[Start of section]
(* Let $G=(V,E)$ be a graph with node weights $c_v\ge1$, and let $\lambda\in\mathbb R$. Let $x\in\mathbb R^V$ satisfy $x\ge0$, $\sum_{v\in V}c_vx_v=1$, and $\sum_{v\in V}x_v\,q(\sigma)_v\ge\lambda$ for every ordering $\sigma$ of $V$. Then there exists $\theta\in[0,1]$ such that the set $S_\theta=\{v\in V: x_v\ge\theta\}$ is nonempty and has density $\rho(S_\theta)\ge\lambda$.
   Context: For nonempty $S\subseteq V$, $\rho(S)=|E(S)|/\sum_{v\in S}c_v$, where $E(S)$ is the set of edges with both endpoints in $S$. For an ordering $\sigma$ of $V$ and $v\in V$, $q(\sigma)_v=|\{\{u,v\}\in E: u \text{ precedes } v \text{ in }\sigma\}|$. *)

theory Defs
  imports Complex_Main
begin

definition simple_graph :: "'a set \<Rightarrow> 'a set set \<Rightarrow> bool" where
  "simple_graph V E \<longleftrightarrow> finite V \<and>
     (\<forall>e\<in>E. \<exists>u v. e = {u, v} \<and> u \<noteq> v \<and> u \<in> V \<and> v \<in> V)"

definition induced_edges :: "'a set set \<Rightarrow> 'a set \<Rightarrow> 'a set set" where
  "induced_edges E S = {e \<in> E. e \<subseteq> S}"

definition density :: "'a set set \<Rightarrow> ('a \<Rightarrow> real) \<Rightarrow> 'a set \<Rightarrow> real" where
  "density E c S = real (card (induced_edges E S)) / (\<Sum>v\<in>S. c v)"

definition is_ordering :: "'a set \<Rightarrow> 'a list \<Rightarrow> bool" where
  "is_ordering V \<sigma> \<longleftrightarrow> distinct \<sigma> \<and> set \<sigma> = V"

definition precedes :: "'a list \<Rightarrow> 'a \<Rightarrow> 'a \<Rightarrow> bool" where
  "precedes \<sigma> u v \<longleftrightarrow> (\<exists>i j. i < j \<and> j < length \<sigma> \<and> \<sigma> ! i = u \<and> \<sigma> ! j = v)"

definition q :: "'a set set \<Rightarrow> 'a list \<Rightarrow> 'a \<Rightarrow> nat" where
  "q E \<sigma> v = card {e \<in> E. \<exists>u. e = {u, v} \<and> precedes \<sigma> u v}"

end

theory Submission
  imports Defs
begin

text \<open>Order V by decreasing x and put g v = q(\<sigma>)_v - \<lambda> c_v, so that the hypothesis for
  this \<sigma> and the normalisation give \<Sum>_v x_v g_v \<ge> 0. Since x is antitone along \<sigma>, every
  level set S_\<theta> is an initial segment of \<sigma>, and on an initial segment the q-values count
  each induced edge exactly once; hence \<Sum>_{v\<in>S_\<theta>} g_v = |E(S_\<theta>)| - \<lambda> c(S_\<theta>).
  Layer-cake summation writes \<Sum>_v x_v g_v as a nonnegative combination of these level-set
  sums with total weight max x > 0, so one of them is nonnegative.\<close>

lemma sum_mult_truncate_top:
  fixes x g :: "'a \<Rightarrow> real"
  assumes "finite V" and "m' \<le> m" and "\<forall>v\<in>V. x v \<le> m"
    and gap: "\<forall>v\<in>V. x v < m \<longrightarrow> x v \<le> m'"
  shows "(\<Sum>v\<in>V. x v * g v) =
    (\<Sum>v\<in>V. min (x v) m' * g v) + (m - m') * (\<Sum>v\<in>{v\<in>V. m \<le> x v}. g v)"
proof -
  have "x v * g v = min (x v) m' * g v + (if m \<le> x v then (m - m') * g v else 0)"
    if "v \<in> V" for v
    using assms(2,3) gap that by (cases "m \<le> x v") (auto simp: min_def algebra_simps)
  then have "(\<Sum>v\<in>V. x v * g v) =
      (\<Sum>v\<in>V. min (x v) m' * g v) + (\<Sum>v\<in>V. if m \<le> x v then (m - m') * g v else 0)"
    by (simp add: sum.distrib)
  also have "(\<Sum>v\<in>V. if m \<le> x v then (m - m') * g v else 0) =
      (m - m') * (\<Sum>v\<in>{v\<in>V. m \<le> x v}. g v)"
    using \<open>finite V\<close> by (simp add: sum.inter_filter[symmetric] sum_distrib_left if_distrib)
  finally show ?thesis .
qed

lemma sum_mult_le_Max_level_sets:
  fixes x g :: "'a \<Rightarrow> real"
  assumes "finite V" and "V \<noteq> {}" and "\<forall>v\<in>V. 0 \<le> x v"
    and "\<forall>u\<in>V. (\<Sum>v\<in>{v\<in>V. x u \<le> x v}. g v) \<le> B"
  shows "(\<Sum>v\<in>V. x v * g v) \<le> B * Max (x ` V)"
  using assms
proof (induction "card (x ` V)" arbitrary: x rule: less_induct)
  case less
  txt \<open>Truncating x at its second largest value m' removes one value and changes the
    sum by (m - m') times the sum over the top level set.\<close>
  define m where "m = Max (x ` V)"
  have fin: "finite (x ` V)" and ne: "x ` V \<noteq> {}" using less.prems by auto
  have x_le_m: "\<forall>v\<in>V. x v \<le> m" using fin by (simp add: m_def)
  obtain w where w: "w \<in> V" "x w = m" using Max_in[OF fin ne] by (auto simp: m_def)
  have top_le_B: "(\<Sum>v\<in>{v\<in>V. m \<le> x v}. g v) \<le> B" using less.prems(4) w by auto
  show ?case
  proof (cases "\<forall>v\<in>V. x v = m")
    case True
    then have "{v\<in>V. m \<le> x v} = V" by auto
    then have "(\<Sum>v\<in>V. x v * g v) = m * (\<Sum>v\<in>{v\<in>V. m \<le> x v}. g v)"
      using True by (simp add: sum_distrib_left)
    also have "\<dots> \<le> m * B"
      using top_le_B w less.prems(3) by (intro mult_left_mono) auto
    finally show ?thesis by (simp add: m_def mult.commute)
  next
    case False
    define V' where "V' = {v\<in>V. x v < m}"
    define m' where "m' = Max (x ` V')"
    have fin': "finite (x ` V')" and ne': "x ` V' \<noteq> {}"
      using less.prems(1) False x_le_m by (auto simp: V'_def less_le)
    obtain w' where w': "w' \<in> V" "x w' = m'" "m' < m"
      using Max_in[OF fin' ne'] by (auto simp: m'_def V'_def)
    have gap: "\<forall>v\<in>V. x v < m \<longrightarrow> x v \<le> m'"
      using fin' by (auto simp: m'_def V'_def)
    define y where "y v = min (x v) m'" for v
    have y_image: "y ` V = x ` V - {m}"
      using gap w' x_le_m by (force simp: y_def min_def)
    have "card (y ` V) < card (x ` V)"
      using y_image w fin by (metis card_Diff1_less image_eqI)
    moreover have "\<forall>v\<in>V. 0 \<le> y v" using less.prems(3) w' by (auto simp: y_def)
    moreover have "\<forall>u\<in>V. (\<Sum>v\<in>{v\<in>V. y u \<le> y v}. g v) \<le> B"
    proof
      fix u assume "u \<in> V"
      then obtain u' where u': "u' \<in> V" "x u' = y u"
        using w' by (cases "x u \<le> m'") (auto simp: y_def min_def)
      have "{v\<in>V. y u \<le> y v} = {v\<in>V. x u' \<le> x v}"
        using u' by (auto simp: y_def min_def)
      then show "(\<Sum>v\<in>{v\<in>V. y u \<le> y v}. g v) \<le> B"
        using less.prems(4) u' by (metis (no_types, lifting))
    qed
    ultimately have IH: "(\<Sum>v\<in>V. y v * g v) \<le> B * Max (y ` V)"
      using less by blast
    have "Max (y ` V) = m'"
    proof (rule Max_eqI)
      show "m' \<in> y ` V" using w' by (force simp: y_def)
    qed (auto simp: y_def less.prems(1))
    have "(\<Sum>v\<in>V. x v * g v) =
        (\<Sum>v\<in>V. y v * g v) + (m - m') * (\<Sum>v\<in>{v\<in>V. m \<le> x v}. g v)"
      unfolding y_def using w'(3)
      by (intro sum_mult_truncate_top[OF less.prems(1) _ x_le_m gap]) simp
    also have "\<dots> \<le> B * m' + (m - m') * B"
      using IH \<open>Max (y ` V) = m'\<close> top_le_B w'(3) by (intro add_mono mult_left_mono) auto
    finally show ?thesis by (simp add: m_def algebra_simps)
  qed
qed

lemma exists_level_set_sum_nonneg:
  fixes x g :: "'a \<Rightarrow> real"
  assumes "finite V" and "\<forall>v\<in>V. 0 \<le> x v" and "\<exists>v\<in>V. 0 < x v"
    and "0 \<le> (\<Sum>v\<in>V. x v * g v)"
  shows "\<exists>u\<in>V. 0 \<le> (\<Sum>v\<in>{v\<in>V. x u \<le> x v}. g v)"
proof (rule ccontr)
  assume neg: "\<not> ?thesis"
  define B where "B = Max ((\<lambda>u. \<Sum>v\<in>{v\<in>V. x u \<le> x v}. g v) ` V)"
  have "V \<noteq> {}" using assms(3) by blast
  then have "B < 0" using neg assms(1) by (auto simp: B_def not_le)
  moreover have "0 < Max (x ` V)"
    using assms(1,3) by (metis Max_ge finite_imageI image_eqI less_le_trans)
  moreover have "(\<Sum>v\<in>V. x v * g v) \<le> B * Max (x ` V)"
    using assms(1,2) \<open>V \<noteq> {}\<close> by (intro sum_mult_le_Max_level_sets) (auto simp: B_def)
  ultimately show False using assms(4) by (smt (verit) mult_neg_pos)
qed

lemma precedes_asym:
  assumes "distinct \<sigma>" and "precedes \<sigma> u v"
  shows "\<not> precedes \<sigma> v u"
proof
  assume "precedes \<sigma> v u"
  then obtain i j where "i < j" "j < length \<sigma>" "\<sigma> ! i = v" "\<sigma> ! j = u"
    unfolding precedes_def by blast
  moreover obtain i' j' where "i' < j'" "j' < length \<sigma>" "\<sigma> ! i' = u" "\<sigma> ! j' = v"
    using assms(2) unfolding precedes_def by blast
  ultimately have "i = j'" "j = i'"
    using assms(1) by (metis nth_eq_iff_index_eq order.strict_trans)+
  then show False using \<open>i < j\<close> \<open>i' < j'\<close> by simp
qed

lemma edge_oriented_by_ordering:
  assumes "simple_graph V E" and "is_ordering V \<sigma>" and "e \<in> E"
  shows "\<exists>u v. e = {u, v} \<and> precedes \<sigma> u v"
proof -
  obtain a b where ab: "e = {a, b}" "a \<noteq> b" "a \<in> set \<sigma>" "b \<in> set \<sigma>"
    using assms unfolding simple_graph_def is_ordering_def by blast
  obtain i j where "i < length \<sigma>" "\<sigma> ! i = a" "j < length \<sigma>" "\<sigma> ! j = b"
    using ab by (metis in_set_conv_nth)
  then have "precedes \<sigma> a b \<or> precedes \<sigma> b a"
    using ab(2) unfolding precedes_def by (metis linorder_neqE_nat)
  then show ?thesis using ab(1) by (metis insert_commute)
qed

lemma sum_q_eq_card_induced_edges:
  assumes G: "simple_graph V E" and ord: "is_ordering V \<sigma>" and "S \<subseteq> V"
    and closed: "\<And>u v. precedes \<sigma> u v \<Longrightarrow> v \<in> S \<Longrightarrow> u \<in> S"
  shows "(\<Sum>v\<in>S. q E \<sigma> v) = card (induced_edges E S)"
proof -
  define A where "A v = {e \<in> E. \<exists>u. e = {u, v} \<and> precedes \<sigma> u v}" for v
  have "finite V" and "E \<subseteq> Pow V" using G unfolding simple_graph_def by auto
  then have fin: "finite S" "finite E"
    using \<open>S \<subseteq> V\<close> by (meson finite_Pow_iff finite_subset)+
  have disj: "A v \<inter> A w = {}" if "v \<noteq> w" for v w
  proof (rule ccontr)
    assume "A v \<inter> A w \<noteq> {}"
    then obtain u u' where "{u, v} = {u', w}" "precedes \<sigma> u v" "precedes \<sigma> u' w"
      unfolding A_def by blast
    then have "u = w" "u' = v" using that by (auto simp: doubleton_eq_iff)
    moreover have "distinct \<sigma>" using ord by (simp add: is_ordering_def)
    ultimately show False
      using \<open>precedes \<sigma> u v\<close> \<open>precedes \<sigma> u' w\<close> precedes_asym by metis
  qed
  have "(\<Union>v\<in>S. A v) = induced_edges E S"
  proof
    show "(\<Union>v\<in>S. A v) \<subseteq> induced_edges E S"
      unfolding A_def induced_edges_def using closed by auto
    show "induced_edges E S \<subseteq> (\<Union>v\<in>S. A v)"
    proof
      fix e assume "e \<in> induced_edges E S"
      then obtain u v where "e \<in> E" "e \<subseteq> S" "e = {u, v}" "precedes \<sigma> u v"
        using edge_oriented_by_ordering[OF G ord] unfolding induced_edges_def by blast
      then show "e \<in> (\<Union>v\<in>S. A v)" unfolding A_def by blast
    qed
  qed
  moreover have "card (\<Union>v\<in>S. A v) = (\<Sum>v\<in>S. card (A v))"
    using fin disj by (intro card_UN_disjoint) (auto simp: A_def)
  ultimately show ?thesis unfolding q_def A_def by simp
qed

lemma ordering_antitone_exists:
  fixes x :: "'a \<Rightarrow> real"
  assumes "finite V"
  shows "\<exists>\<sigma>. is_ordering V \<sigma> \<and> (\<forall>u v. precedes \<sigma> u v \<longrightarrow> x v \<le> x u)"
proof -
  obtain xs where xs: "distinct xs" "set xs = V" using finite_distinct_list[OF assms] by blast
  define \<sigma> where "\<sigma> = sort_key (\<lambda>v. - x v) xs"
  have "is_ordering V \<sigma>" using xs by (simp add: \<sigma>_def is_ordering_def)
  moreover have "sorted_wrt (\<lambda>u v. x v \<le> x u) \<sigma>"
    using sorted_sort_key[of "\<lambda>v. - x v" xs] by (simp add: \<sigma>_def sorted_map)
  then have "\<forall>u v. precedes \<sigma> u v \<longrightarrow> x v \<le> x u"
    unfolding precedes_def by (auto simp: sorted_wrt_iff_nth_less)
  ultimately show ?thesis by blast
qed

lemma sum_q_level_set:
  fixes x :: "'a \<Rightarrow> 'b::preorder"
  assumes G: "simple_graph V E" and ord: "is_ordering V \<sigma>"
    and antitone: "\<forall>u v. precedes \<sigma> u v \<longrightarrow> x v \<le> x u"
  shows "(\<Sum>v\<in>{v\<in>V. t \<le> x v}. q E \<sigma> v) = card (induced_edges E {v\<in>V. t \<le> x v})"
proof (rule sum_q_eq_card_induced_edges[OF G ord])
  fix u v assume "precedes \<sigma> u v" "v \<in> {v\<in>V. t \<le> x v}"
  moreover have "u \<in> V" using \<open>precedes \<sigma> u v\<close> ord
    unfolding precedes_def is_ordering_def by auto
  ultimately show "u \<in> {v\<in>V. t \<le> x v}" using antitone order_trans by blast
qed auto

lemma normalized_weights_le_one:
  fixes c x :: "'a \<Rightarrow> real"
  assumes "finite V" and "\<forall>v\<in>V. 1 \<le> c v" and "\<forall>v\<in>V. 0 \<le> x v"
    and "(\<Sum>v\<in>V. c v * x v) = 1" and "u \<in> V"
  shows "x u \<le> 1"
proof -
  have "x u \<le> c u * x u" using mult_right_mono[of 1 "c u" "x u"] assms(2,3,5) by simp
  also have "\<dots> \<le> (\<Sum>v\<in>V. c v * x v)"
    using assms(1,2,3,5)
    by (intro member_le_sum) (auto intro: mult_nonneg_nonneg order_trans[OF zero_le_one])
  finally show ?thesis using assms(4) by simp
qed

lemma normalized_weights_exists_pos:
  fixes c x :: "'a \<Rightarrow> real"
  assumes "\<forall>v\<in>V. 0 \<le> x v" and "(\<Sum>v\<in>V. c v * x v) = 1"
  shows "\<exists>v\<in>V. 0 < x v"
proof (rule ccontr)
  assume "\<not> ?thesis"
  then have "\<forall>v\<in>V. c v * x v = 0" using assms(1) by force
  then have "(\<Sum>v\<in>V. c v * x v) = 0" by (intro sum.neutral) blast
  then show False using assms(2) by simp
qed

theorem mainTheorem9:
  fixes V :: "'a set" and E :: "'a set set" and c :: "'a \<Rightarrow> real"
    and x :: "'a \<Rightarrow> real" and lam :: real
  assumes G: "simple_graph V E"
    and c_ge: "\<forall>v\<in>V. c v \<ge> 1"
    and x_nonneg: "\<forall>v\<in>V. x v \<ge> 0"
    and x_norm: "(\<Sum>v\<in>V. c v * x v) = 1"
    and x_orders: "\<forall>\<sigma>. is_ordering V \<sigma> \<longrightarrow> (\<Sum>v\<in>V. x v * real (q E \<sigma> v)) \<ge> lam"
  shows "\<exists>\<theta>::real. 0 \<le> \<theta> \<and> \<theta> \<le> 1 \<and>
           {v \<in> V. x v \<ge> \<theta>} \<noteq> {} \<and>
           density E c {v \<in> V. x v \<ge> \<theta>} \<ge> lam"
proof -
  have finV: "finite V" using G by (simp add: simple_graph_def)
  obtain \<sigma> where ord: "is_ordering V \<sigma>" and antitone: "\<forall>u v. precedes \<sigma> u v \<longrightarrow> x v \<le> x u"
    using ordering_antitone_exists[OF finV] by blast
  define g where "g v = real (q E \<sigma> v) - lam * c v" for v
  have "(\<Sum>v\<in>V. x v * g v) = (\<Sum>v\<in>V. x v * real (q E \<sigma> v)) - lam * (\<Sum>v\<in>V. c v * x v)"
    by (simp add: g_def algebra_simps sum_subtractf sum_distrib_left)
  then have "0 \<le> (\<Sum>v\<in>V. x v * g v)" using x_orders ord x_norm by simp
  moreover have "\<exists>v\<in>V. 0 < x v" by (rule normalized_weights_exists_pos[OF x_nonneg x_norm])
  ultimately obtain u where u: "u \<in> V" and level: "0 \<le> (\<Sum>v\<in>{v\<in>V. x u \<le> x v}. g v)"
    using exists_level_set_sum_nonneg[OF finV x_nonneg] by blast
  define S where "S = {v\<in>V. x u \<le> x v}"
  have "lam * (\<Sum>v\<in>S. c v) \<le> real (card (induced_edges E S))"
    using level sum_q_level_set[OF G ord antitone] unfolding S_def g_def
    by (simp add: sum_subtractf sum_distrib_left flip: of_nat_sum)
  moreover have "0 < (\<Sum>v\<in>S. c v)" using u finV c_ge by (intro sum_pos) (auto simp: S_def)
  moreover have "x u \<le> 1" by (rule normalized_weights_le_one[OF finV c_ge x_nonneg x_norm u])
  ultimately show ?thesis
    using u x_nonneg unfolding S_def density_def by (fastforce simp: pos_le_divide_eq)
qed

end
[End of section]
• [What the exercise asks]: Check each line of the data above, and please copy the ones in which the string "prems" occurs.

• [Task solution]:
  have fin: "finite (x ` V)" and ne: "x ` V \<noteq> {}" using less.prems by auto
  have top_le_B: "(\<Sum>v\<in>{v\<in>V. m \<le> x v}. g v) \<le> B" using less.prems(4) w by auto
      using top_le_B w less.prems(3) by (intro mult_left_mono) auto
      using less.prems(1) False x_le_m by (auto simp: V'_def less_le)
    moreover have "\<forall>v\<in>V. 0 \<le> y v" using less.prems(3) w' by (auto simp: y_def)
        using less.prems(4) u' by (metis (no_types, lifting))
    qed (auto simp: y_def less.prems(1))
      by (intro sum_mult_truncate_top[OF less.prems(1) _ x_le_m gap]) simp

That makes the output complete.